◆ What the task requires: From the first line to the last, write out the records exactly.

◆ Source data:
(* Fix $n\ge 1$ and let $x\in\mathcal{NM}_n$. Then $\chi^+(x)$ equals the number of minimal idempotent join-irreducible elements $g\in\mathcal{NM}_n$ such that $g\le x$.
   Context: An NM algebra is an algebra $\langle A,\wedge,\vee,\odot,\to,\bot,\top\rangle$ such that $(A,\wedge,\vee,\bot,\top)$ is a bounded lattice, $\langle A,\odot,\top\rangle$ is a commutative monoid, and for all $x,y,z$: $x\odot y\le z$ iff $x\le y\to z$; $(x\to y)\vee(y\to x)=\top$; $\neg(x\odot y)\vee((x\wedge y)\to(x\odot y))=\top$ where $\neg x:=x\to\bot$; and $\neg\neg x=x$. $\mathcal{NM}_n$ denotes the free NM algebra on $n$ generators, i.e. the Lindenbaum algebra of formulas of Nilpotent Minimum logic in the variables $x_1,\dots,x_n$ modulo logical equivalence; equivalently, the subalgebra of $[0,1]^{[0,1]^n}$ generated by the coordinate projections, where $[0,1]$ carries the standard NM operations ($\wedge=\min$, $\vee=\max$, $x\odot y=\min(x,y)$ if $x+y>1$ and $0$ otherwise, $x\to y=1$ if $x\le y$ and $\max(1-x,y)$ otherwise). It is a finite distributive lattice. A valuation on a distributive lattice $L$ is a map $\nu:L\to\mathbb{R}$ with $\nu(x)+\nu(y)=\nu(x\vee y)+\nu(x\wedge y)$ for all $x,y$; on a finite distributive lattice a valuation is uniquely determined by its values on join-irreducible elements and on $\bot$. An element is join-irreducible if it is not $\bot$ and $x=y\vee z$ implies $x=y$ or $x=z$. An element $g$ is idempotent if $g\odot g=g$; a minimal idempotent join-irreducible element is one that is minimal (in the lattice order) among the idempotent join-irreducible elements. The idempotent Euler characteristic $\chi^+:\mathcal{NM}_n\to\mathbb{R}$ is the unique valuation with $\chi^+(\bot)=0$ and, for each join-irreducible $g$, $\chi^+(g)=1$ if $g\odot g=g$ and $\chi^+(g)=0$ otherwise. *)

theory Defs
  imports "HOL-Analysis.Analysis"
begin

◆ Completed task:
(* Fix $n\ge 1$ and let $x\in\mathcal{NM}_n$. Then $\chi^+(x)$ equals the number of minimal idempotent join-irreducible elements $g\in\mathcal{NM}_n$ such that $g\le x$.
   Context: An NM algebra is an algebra $\langle A,\wedge,\vee,\odot,\to,\bot,\top\rangle$ such that $(A,\wedge,\vee,\bot,\top)$ is a bounded lattice, $\langle A,\odot,\top\rangle$ is a commutative monoid, and for all $x,y,z$: $x\odot y\le z$ iff $x\le y\to z$; $(x\to y)\vee(y\to x)=\top$; $\neg(x\odot y)\vee((x\wedge y)\to(x\odot y))=\top$ where $\neg x:=x\to\bot$; and $\neg\neg x=x$. $\mathcal{NM}_n$ denotes the free NM algebra on $n$ generators, i.e. the Lindenbaum algebra of formulas of Nilpotent Minimum logic in the variables $x_1,\dots,x_n$ modulo logical equivalence; equivalently, the subalgebra of $[0,1]^{[0,1]^n}$ generated by the coordinate projections, where $[0,1]$ carries the standard NM operations ($\wedge=\min$, $\vee=\max$, $x\odot y=\min(x,y)$ if $x+y>1$ and $0$ otherwise, $x\to y=1$ if $x\le y$ and $\max(1-x,y)$ otherwise). It is a finite distributive lattice. A valuation on a distributive lattice $L$ is a map $\nu:L\to\mathbb{R}$ with $\nu(x)+\nu(y)=\nu(x\vee y)+\nu(x\wedge y)$ for all $x,y$; on a finite distributive lattice a valuation is uniquely determined by its values on join-irreducible elements and on $\bot$. An element is join-irreducible if it is not $\bot$ and $x=y\vee z$ implies $x=y$ or $x=z$. An element $g$ is idempotent if $g\odot g=g$; a minimal idempotent join-irreducible element is one that is minimal (in the lattice order) among the idempotent join-irreducible elements. The idempotent Euler characteristic $\chi^+:\mathcal{NM}_n\to\mathbb{R}$ is the unique valuation with $\chi^+(\bot)=0$ and, for each join-irreducible $g$, $\chi^+(g)=1$ if $g\odot g=g$ and $\chi^+(g)=0$ otherwise. *)

theory Defs
  imports "HOL-Analysis.Analysis"
begin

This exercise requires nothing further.